In one advert, a previously unremarkable female television presenter delivers a stunning report after using whitening cream. Her handsome male colleague, who has previously ignored her, says: "You were great. What are you doing at four?"

In another, a singer leaves the stage with stage fright but returns after lightening her skin and performs wonderfully.

At the Modern Style bridal store, an array of skin-whitening creams adorn the front desk. Next door, a photography studio displays wedding portraits of women with very pale skin.

Modern Style's Egyptian owner Samira Magar tied the growing preference for white wedding dresses, which are not traditional in Sudan, to the desire for pale skin.

"More Sudanese are getting white wedding dresses, so they want to look like Egyptians and Europeans," she said.

"I think it's an inferiority complex. They think that if they're white in color, they are more beautiful," she added.

Magar said some women had resorted to mercury and harsh prescription creams not meant for cosmetic use, leaving their faces disfigured on their wedding day.


SINISTER TONE
Natural methods of skin whitening have been used for centuries, Magar said, but in Sudan the use of chemicals began in the 1980s and has thrived since.
The doctor at the Khartoum hospital, who declined to be named, said the creams now used can cause irritation and infection, blotching, eczema, and that most contain steroids.


The doctor said that rather than ask why women use the creams, men should be asked why they prefer pale skin.

"Here, all men want to sit with or marry a woman with light skin. If any man wants to marry, he says the first choice is for a woman with light skin ... Why is this?"

While a tan can be seen as something of a status symbol in the West, darker skin marks out women in Africa, the Middle East and Asia as poorer people who have no choice but to toil under the hot sun.
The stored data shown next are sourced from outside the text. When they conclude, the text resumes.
lemma clarke_dir_add_le:
  assumes L: "lipschitz_on_fibers Iz h L" and s: "s1 \<in> cont_dirs Iz" "s2 \<in> cont_dirs Iz"
  shows "clarke_dir Iz h x (s1 + s2) \<le> clarke_dir Iz h x s1 + clarke_dir Iz h x s2"
proof (rule clarke_dir_le[OF L cont_dirs_add[OF s]])
  fix e :: real assume "0 < e"
  have "eventually (\<lambda>yt. diff_quot h s1 yt < clarke_dir Iz h x s1 + e/2) (clarke_filter Iz x)"
    using \<open>0 < e\<close> by (intro eventually_diff_quot_less[OF L s(1)]) simp
  moreover have "eventually (\<lambda>yt. diff_quot h s2 yt < clarke_dir Iz h x s2 + e/2) (clarke_filter Iz x)"
    using \<open>0 < e\<close> by (intro eventually_diff_quot_less[OF L s(2)]) simp
  from eventually_compose_filterlim[OF this filterlim_clarke_filter_shift[OF s(1)]]
  have "eventually (\<lambda>(y, t). diff_quot h s2 (y + t *\<^sub>R s1, t) < clarke_dir Iz h x s2 + e/2)
      (clarke_filter Iz x)"
    by (simp add: case_prod_unfold)
  ultimately show "eventually (\<lambda>yt. diff_quot h (s1 + s2) yt
      \<le> clarke_dir Iz h x s1 + clarke_dir Iz h x s2 + e) (clarke_filter Iz x)"
    by eventually_elim (auto simp: diff_quot_add_dir)
qed

lemma clarke_dir_scaleR_le:
  assumes L: "lipschitz_on_fibers Iz h L" and s: "s \<in> cont_dirs Iz" and a: "0 < a"
  shows "clarke_dir Iz h x (a *\<^sub>R s) \<le> a * clarke_dir Iz h x s"
proof (rule clarke_dir_le[OF L cont_dirs_scaleR[OF s]])
  fix e :: real assume "0 < e"
  have "eventually (\<lambda>yt. diff_quot h s yt < clarke_dir Iz h x s + e / a) (clarke_filter Iz x)"
    using \<open>0 < e\<close> a by (intro eventually_diff_quot_less[OF L s]) simp
  from eventually_compose_filterlim[OF this filterlim_clarke_filter_rescale[OF a]]
  have "eventually (\<lambda>(y, t). diff_quot h s (y, a * t) < clarke_dir Iz h x s + e / a)
      (clarke_filter Iz x)"
    by (simp add: case_prod_unfold)
  then show "eventually (\<lambda>yt. diff_quot h (a *\<^sub>R s) yt \<le> a * clarke_dir Iz h x s + e)
      (clarke_filter Iz x)"
  proof eventually_elim
    case (elim yt)
    obtain y t where yt: "yt = (y, t)" by fastforce
    have "diff_quot h (a *\<^sub>R s) yt = a * diff_quot h s (y, a * t)"
      using a by (simp add: yt diff_quot_scaleR_dir)
    also have "\<dots> < a * (clarke_dir Iz h x s + e / a)"
      using elim a by (simp add: yt)
    also have "\<dots> = a * clarke_dir Iz h x s + e"
      using a by (simp add: field_simps)
    finally show ?case by simp
  qed
qed

lemma clarke_dir_scaleR:
  assumes L: "lipschitz_on_fibers Iz h L" and s: "s \<in> cont_dirs Iz" and a: "0 < a"
  shows "clarke_dir Iz h x (a *\<^sub>R s) = a * clarke_dir Iz h x s"
proof -
  have "clarke_dir Iz h x s = clarke_dir Iz h x (inverse a *\<^sub>R (a *\<^sub>R s))"
    using a by simp
  also have "\<dots> \<le> inverse a * clarke_dir Iz h x (a *\<^sub>R s)"
    using a by (intro clarke_dir_scaleR_le[OF L cont_dirs_scaleR[OF s]]) simp
  finally have "a * clarke_dir Iz h x s \<le> clarke_dir Iz h x (a *\<^sub>R s)"
    using a by (simp add: field_simps)
  with clarke_dir_scaleR_le[OF L s a, of x] show ?thesis by linarith
qed

lemma clarke_dir_zero [simp]: "clarke_dir Iz h x 0 = 0"
  by (simp add: clarke_dir_def clarke_c_eq_Limsup diff_quot_def case_prod_unfold
      Limsup_const clarke_filter_neq_bot zero_ereal_def)

section \<open>Sublinear functions and exact penalization\<close>

definition sublinear_on :: "'a::real_vector set \<Rightarrow> ('a \<Rightarrow> real) \<Rightarrow> bool" where
  "sublinear_on C p \<longleftrightarrow>
     (\<forall>s1\<in>C. \<forall>s2\<in>C. p (s1 + s2) \<le> p s1 + p s2) \<and> (\<forall>s\<in>C. \<forall>a>0. p (a *\<^sub>R s) = a * p s)"

lemma sublinear_onD:
  assumes "sublinear_on C p"
  shows "s1 \<in> C \<Longrightarrow> s2 \<in> C \<Longrightarrow> p (s1 + s2) \<le> p s1 + p s2"
    and "s \<in> C \<Longrightarrow> 0 < a \<Longrightarrow> p (a *\<^sub>R s) = a * p s"
  using assms by (auto simp: sublinear_on_def)

lemma sublinear_on_subset: "sublinear_on C p \<Longrightarrow> D \<subseteq> C \<Longrightarrow> sublinear_on D p"
  unfolding sublinear_on_def by blast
In Sudan, Africa's biggest country, over two decades of civil war between lighter-skinned northerners and darker southerners has given skin tone more sinister connotations, and the meaning of the various shades is nuanced.
Northerners, who are mainly Muslims and claim Arab lineage, have traditionally held power. A north-south coalition government now shares power after a peace deal last year.


During civil strife, skin tone often meant the difference between life and death. Southerners, traditionally Christian or animist, complain of prejudice against them in everyday life, and some northerners privately claim superiority over their darker and non-Arab countrymen.